Kort voordat Diederik Samsom werd weggestemd als politiek leider van de PvdA, las ik een interview met hem. Het ging deels over zijn scheiding en de keuze voor co-ouderschap: ongeveer fifty-fifty zou het worden. Hij en zijn ex bleven dichtbij elkaar wonen. “De kinderen hebben één huis met een stuk lucht ertussen,” zei Diederik. “Het ergste wat ze kan gebeuren, is dat het tennisracket in het andere huis ligt.”

Arme kinderen, dacht ik. Co-ouderschap maakt wat mij betreft kans de grootste sociaal-culturele blunder van de afgelopen decennia te worden. Laat ik vooropstellen dat ik eraan heb meegedaan, aan dat co-ouderschap. Vol overtuiging zelfs.

Toen m’n partner en ik gingen scheiden, in 2004, vonden we het de meest logische gang van zaken om de kinderen ‘eerlijk te verdelen’. En ‘eerlijk’ wilde zeggen dat de verhouding waarin ieder van ons voor de kinderen zou gaan zorgen, overeenkwam met de situatie van de voorbije jaren. Ook toen ‘verdeelden’ we de zorgtaken fifty-fifty, dus dat moest voorgezet worden.

Voor de ex was daar zelfs een noodzaak voor, want als we de klassieke verdeling van gescheidenen-met-kinderen zouden aanhouden (kinderen blijven bij moeder, en gaan een weekend per twee weken naar de vader), zou ze met haar werk hebben moeten stoppen.

Achteraf heb ik enorme spijt dat ik toen niet naar die klassieke verdeling heb gestreefd. In dien verstande dat de kinderen dan bij mij zouden zijn gaan wonen, en een weekend per twee weken naar de moeder zouden zijn gegaan. Ik zie het nog steeds als de grootste opvoedingsfout van mijn leven, die keuze voor zo’n fifty-fifty co-ouderschap.

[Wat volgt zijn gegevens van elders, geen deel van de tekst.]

(* Let $\multimap_{\mathtt m}$, $\multimap_{\mathtt e}$ and $\equiv$ be the reduction relations and the structural equivalence of any one of the four calculi ${\tt Name}$, ${\tt Value}^{\tt LR}$, ${\tt Value}^{\tt RL}$, ${\tt Need}$ described below, and let $\mathtt x\in\{\mathtt m,\mathtt e\}$. If $t\equiv u$ and $t\multimap_{\mathtt x} t'$, then there exists $u'$ such that $u\multimap_{\mathtt x} u'$ and $t'\equiv u'$.
   Context: Terms: $t,u,w ::= x \mid v \mid t\,u \mid t[x\leftarrow u]$, values $v ::= \lambda x.t$; $\lambda x.t$ and $t[x\leftarrow u]$ bind $x$ in $t$; terms are up to $\alpha$-equivalence, rewriting is capture-avoiding. Contexts are terms with one hole $\langle\cdot\rangle$. Weak contexts: $W ::= \langle\cdot\rangle \mid W\,u \mid t\,W \mid W[x\leftarrow u] \mid t[x\leftarrow W]$. Substitution contexts: $L ::= \langle\cdot\rangle \mid L[x\leftarrow t]$. Root rules (for a family of contexts $C$, with $C$ not capturing $x$): dB: $L\langle\lambda x.t\rangle u \mapsto L\langle t[x\leftarrow u]\rangle$; dBv: $L\langle\lambda x.t\rangle L'\langle v\rangle \mapsto L\langle t[x\leftarrow L'\langle v\rangle]\rangle$; ls w.r.t. $C$: $C\langle x\rangle[x\leftarrow u]\mapsto C\langle u\rangle[x\leftarrow u]$; lsv w.r.t. $C$: $C\langle x\rangle[x\leftarrow L\langle v\rangle]\mapsto L\langle C\langle v\rangle[x\leftarrow v]\rangle$. Calculi (evaluation contexts; $\mapsto_{\mathtt m}$; $\mapsto_{\mathtt e}$): ${\tt Name}$: $H ::= \langle\cdot\rangle \mid H\,t \mid H[x\leftarrow t]$; dB; ls w.r.t. $H$. ${\tt Value}^{\tt LR}$: $V ::= \langle\cdot\rangle \mid V\,t \mid L\langle v\rangle V \mid V[x\leftarrow t]$; dBv; lsv w.r.t. $V$. ${\tt Value}^{\tt RL}$: $S ::= \langle\cdot\rangle \mid S\,L\langle v\rangle \mid t\,S \mid S[x\leftarrow t]$; dBv; lsv w.r.t. $S$. ${\tt Need}$: $N ::= \langle\cdot\rangle \mid N\,t \mid N[x\leftarrow t] \mid N'\langle x\rangle[x\leftarrow N]$; dB; lsv w.r.t. $N$. Then $\multimap_{\mathtt m}:=E\langle\mapsto_{\mathtt m}\rangle$, $\multimap_{\mathtt e}:=E\langle\mapsto_{\mathtt e}\rangle$ for $E$ ranging over the evaluation contexts. Structural axioms: (gc) $t[x\leftarrow u]\equiv t$ if $x\notin\mathrm{fv}(t)$; (dup) $t[x\leftarrow u]\equiv t_{[y]_x}[x\leftarrow u][y\leftarrow u]$ where $t_{[y]_x}$ is obtained from $t$ by renaming some (possibly none) occurrences of $x$ as $y$; (@) $(t\,w)[x\leftarrow u]\equiv t[x\leftarrow u]\,w[x\leftarrow u]$; (com) $t[x\leftarrow u][y\leftarrow w]\equiv t[y\leftarrow w][x\leftarrow u]$ if $y\notin\mathrm{fv}(u)$ and $x\notin\mathrm{fv}(w)$; ([$\cdot$]) $t[x\leftarrow u][y\leftarrow w]\equiv t[x\leftarrow u[y\leftarrow w]]$ if $y\notin\mathrm{fv}(t)$; (@l) $(t\,w)[x\leftarrow u]\equiv t[x\leftarrow u]\,w$ if $x\notin\mathrm{fv}(w)$. For ${\tt Name}$, ${\tt Value}^{\tt LR}$, ${\tt Value}^{\tt RL}$, $\equiv$ is the smallest equivalence relation containing the closure under weak contexts of $\alpha$-equivalence, gc, dup, @, com and [$\cdot$]. For ${\tt Need}$, $\equiv$ is the equivalence generated by @l, com and [$\cdot$] (closed under weak contexts). *)

theory Defs
  imports Main
begin

text \<open>Terms up to alpha-equivalence are represented with de Bruijn indices.
  Var i: variable; Lam t: abstraction (body t, bound variable = index 0);
  App t u: application; ES t u: explicit substitution t[x<-u], where x is
  index 0 in t (ES binds in its first argument only).\<close>

datatype trm = Var nat | Lam trm | App trm trm | ES trm trm

fun lift :: "nat \<Rightarrow> nat \<Rightarrow> trm \<Rightarrow> trm" where
  "lift c k (Var i) = (if i < c then Var i else Var (i + k))"
| "lift c k (Lam t) = Lam (lift (Suc c) k t)"
| "lift c k (App t u) = App (lift c k t) (lift c k u)"
| "lift c k (ES t u) = ES (lift (Suc c) k t) (lift c k u)"

fun swap :: "nat \<Rightarrow> trm \<Rightarrow> trm" where
  "swap c (Var i) = (if i = c then Var (Suc c) else if i = Suc c then Var c else Var i)"
| "swap c (Lam t) = Lam (swap (Suc c) t)"
| "swap c (App t u) = App (swap c t) (swap c u)"
| "swap c (ES t u) = ES (swap (Suc c) t) (swap c u)"

text \<open>ren_some c t t': t' is t in which a new binder y is inserted just above
  the binder x (index c), and some (possibly none) occurrences of x are renamed
  to y: in t', index c is x and index c+1 is y.\<close>
inductive ren_some :: "nat \<Rightarrow> trm \<Rightarrow> trm \<Rightarrow> bool" where
  rs_lt: "i < c \<Longrightarrow> ren_some c (Var i) (Var i)"
| rs_keep: "ren_some c (Var c) (Var c)"
| rs_ren: "ren_some c (Var c) (Var (Suc c))"
| rs_gt: "c < i \<Longrightarrow> ren_some c (Var i) (Var (Suc i))"
| rs_lam: "ren_some (Suc c) t t' \<Longrightarrow> ren_some c (Lam t) (Lam t')"
| rs_app: "ren_some c t t' \<Longrightarrow> ren_some c u u' \<Longrightarrow> ren_some c (App t u) (App t' u')"
| rs_es: "ren_some (Suc c) t t' \<Longrightarrow> ren_some c u u' \<Longrightarrow> ren_some c (ES t u) (ES t' u')"

text \<open>Weak contexts (the only contexts used: no hole under a lambda).\<close>
datatype ctx = Hole | CAppL ctx trm | CAppR trm ctx | CESL ctx trm | CESR trm ctx

fun plug :: "ctx \<Rightarrow> trm \<Rightarrow> trm" where
  "plug Hole s = s"
| "plug (CAppL C t) s = App (plug C s) t"
| "plug (CAppR t C) s = App t (plug C s)"
| "plug (CESL C t) s = ES (plug C s) t"
| "plug (CESR t C) s = ES t (plug C s)"

fun depth :: "ctx \<Rightarrow> nat" where
  "depth Hole = 0"
| "depth (CAppL C t) = depth C"
| "depth (CAppR t C) = depth C"
| "depth (CESL C t) = Suc (depth C)"
| "depth (CESR t C) = depth C"

fun cshift :: "nat \<Rightarrow> nat \<Rightarrow> ctx \<Rightarrow> ctx" where
  "cshift c k Hole = Hole"
| "cshift c k (CAppL C t) = CAppL (cshift c k C) (lift c k t)"
| "cshift c k (CAppR t C) = CAppR (lift c k t) (cshift c k C)"
| "cshift c k (CESL C t) = CESL (cshift (Suc c) k C) (lift c k t)"
| "cshift c k (CESR t C) = CESR (lift (Suc c) k t) (cshift c k C)"

inductive is_L :: "ctx \<Rightarrow> bool" where
  "is_L Hole"
| "is_L L \<Longrightarrow> is_L (CESL L t)"

inductive is_H :: "ctx \<Rightarrow> bool" where
  "is_H Hole"
| "is_H H \<Longrightarrow> is_H (CAppL H t)"
| "is_H H \<Longrightarrow> is_H (CESL H t)"

inductive is_V :: "ctx \<Rightarrow> bool" where
  "is_V Hole"
| "is_V V \<Longrightarrow> is_V (CAppL V t)"
| "is_L L \<Longrightarrow> is_V V \<Longrightarrow> is_V (CAppR (plug L (Lam t)) V)"
| "is_V V \<Longrightarrow> is_V (CESL V t)"

inductive is_S :: "ctx \<Rightarrow> bool" where
  "is_S Hole"
| "is_L L \<Longrightarrow> is_S S \<Longrightarrow> is_S (CAppL S (plug L (Lam t)))"
| "is_S S \<Longrightarrow> is_S (CAppR t S)"
| "is_S S \<Longrightarrow> is_S (CESL S t)"

inductive is_N :: "ctx \<Rightarrow> bool" where
  "is_N Hole"
| "is_N N \<Longrightarrow> is_N (CAppL N t)"
| "is_N N \<Longrightarrow> is_N (CESL N t)"
| "is_N N' \<Longrightarrow> is_N N \<Longrightarrow> is_N (CESR (plug N' (Var (depth N'))) N)"

text \<open>Root rules. In "plug C (Var (depth C))" the hole variable is the one bound
  by the enclosing ES, i.e. C does not capture it.\<close>
inductive dB_root :: "trm \<Rightarrow> trm \<Rightarrow> bool" where
  "is_L L \<Longrightarrow> dB_root (App (plug L (Lam t)) u) (plug L (ES t (lift 0 (depth L) u)))"

inductive dBv_root :: "trm \<Rightarrow> trm \<Rightarrow> bool" where
  "is_L L \<Longrightarrow> is_L L' \<Longrightarrow>
    dBv_root (App (plug L (Lam t)) (plug L' (Lam s)))
             (plug L (ES t (lift 0 (depth L) (plug L' (Lam s)))))"

inductive ls_root :: "(ctx \<Rightarrow> bool) \<Rightarrow> trm \<Rightarrow> trm \<Rightarrow> bool" for P where
  "P C \<Longrightarrow> ls_root P (ES (plug C (Var (depth C))) u)
                      (ES (plug C (lift 0 (Suc (depth C)) u)) u)"

inductive lsv_root :: "(ctx \<Rightarrow> bool) \<Rightarrow> trm \<Rightarrow> trm \<Rightarrow> bool" for P where
  "P C \<Longrightarrow> is_L L \<Longrightarrow>
    lsv_root P (ES (plug C (Var (depth C))) (plug L (Lam s)))
      (plug L (ES (plug (cshift 1 (depth L) C) (lift 0 (Suc (depth C)) (Lam s))) (Lam s)))"

datatype calculus = Name | ValueLR | ValueRL | Need
datatype kind = M | E

fun evctx :: "calculus \<Rightarrow> ctx \<Rightarrow> bool" where
  "evctx Name = is_H"
| "evctx ValueLR = is_V"
| "evctx ValueRL = is_S"
| "evctx Need = is_N"

fun root :: "calculus \<Rightarrow> kind \<Rightarrow> trm \<Rightarrow> trm \<Rightarrow> bool" where
  "root Name M = dB_root"
| "root ValueLR M = dBv_root"
| "root ValueRL M = dBv_root"
| "root Need M = dB_root"
| "root Name E = ls_root is_H"
| "root ValueLR E = lsv_root is_V"
| "root ValueRL E = lsv_root is_S"
| "root Need E = lsv_root is_N"

definition red :: "calculus \<Rightarrow> kind \<Rightarrow> trm \<Rightarrow> trm \<Rightarrow> bool" where
  "red c x t t' \<longleftrightarrow> (\<exists>Ev s s'. evctx c Ev \<and> root c x s s' \<and> t = plug Ev s \<and> t' = plug Ev s')"

text \<open>Structural axioms (alpha-equivalence is syntactic identity here).\<close>
inductive str_ax :: "trm \<Rightarrow> trm \<Rightarrow> bool" where
  ax_gc: "str_ax (ES (lift 0 1 t) u) t"
| ax_dup: "ren_some 0 t t' \<Longrightarrow> str_ax (ES t u) (ES (ES t' (lift 0 1 u)) u)"
| ax_app: "str_ax (ES (App t w) u) (App (ES t u) (ES w u))"
| ax_com: "str_ax (ES (ES t (lift 0 1 u)) w) (ES (ES (swap 0 t) (lift 0 1 w)) u)"
| ax_sub: "str_ax (ES (ES (lift 1 1 t) u) w) (ES t (ES u w))"

inductive need_ax :: "trm \<Rightarrow> trm \<Rightarrow> bool" where
  ax_appl: "need_ax (ES (App t (lift 0 1 w)) u) (App (ES t u) w)"
| ax_com: "need_ax (ES (ES t (lift 0 1 u)) w) (ES (ES (swap 0 t) (lift 0 1 w)) u)"
| ax_sub: "need_ax (ES (ES (lift 1 1 t) u) w) (ES t (ES u w))"

fun axioms :: "calculus \<Rightarrow> trm \<Rightarrow> trm \<Rightarrow> bool" where
  "axioms Need = need_ax"
| "axioms Name = str_ax"
| "axioms ValueLR = str_ax"
| "axioms ValueRL = str_ax"

definition wclose :: "(trm \<Rightarrow> trm \<Rightarrow> bool) \<Rightarrow> trm \<Rightarrow> trm \<Rightarrow> bool" where
  "wclose R t u \<longleftrightarrow> (\<exists>W s s'. R s s' \<and> t = plug W s \<and> u = plug W s')"

definition streq :: "calculus \<Rightarrow> trm \<Rightarrow> trm \<Rightarrow> bool" where
  "streq c = equivclp (wclose (axioms c))"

Co-ouderschap is een verzinsel van de ouders. Van ouders die menen ‘recht’ op hun kinderen te hebben.

Kinderen zouden er nooit uit vrije wil voor kiezen. Het dient op geen enkele wijze hun belang. Menig kind van gescheiden ouders kiest – ergens rond de leeftijd van 15, 16, 17 jaar – voor één woonadres. Met daarnaast een logeeradres bij de andere ouder. Waarom? Het is makkelijker, het is praktischer, het is natuurlijker.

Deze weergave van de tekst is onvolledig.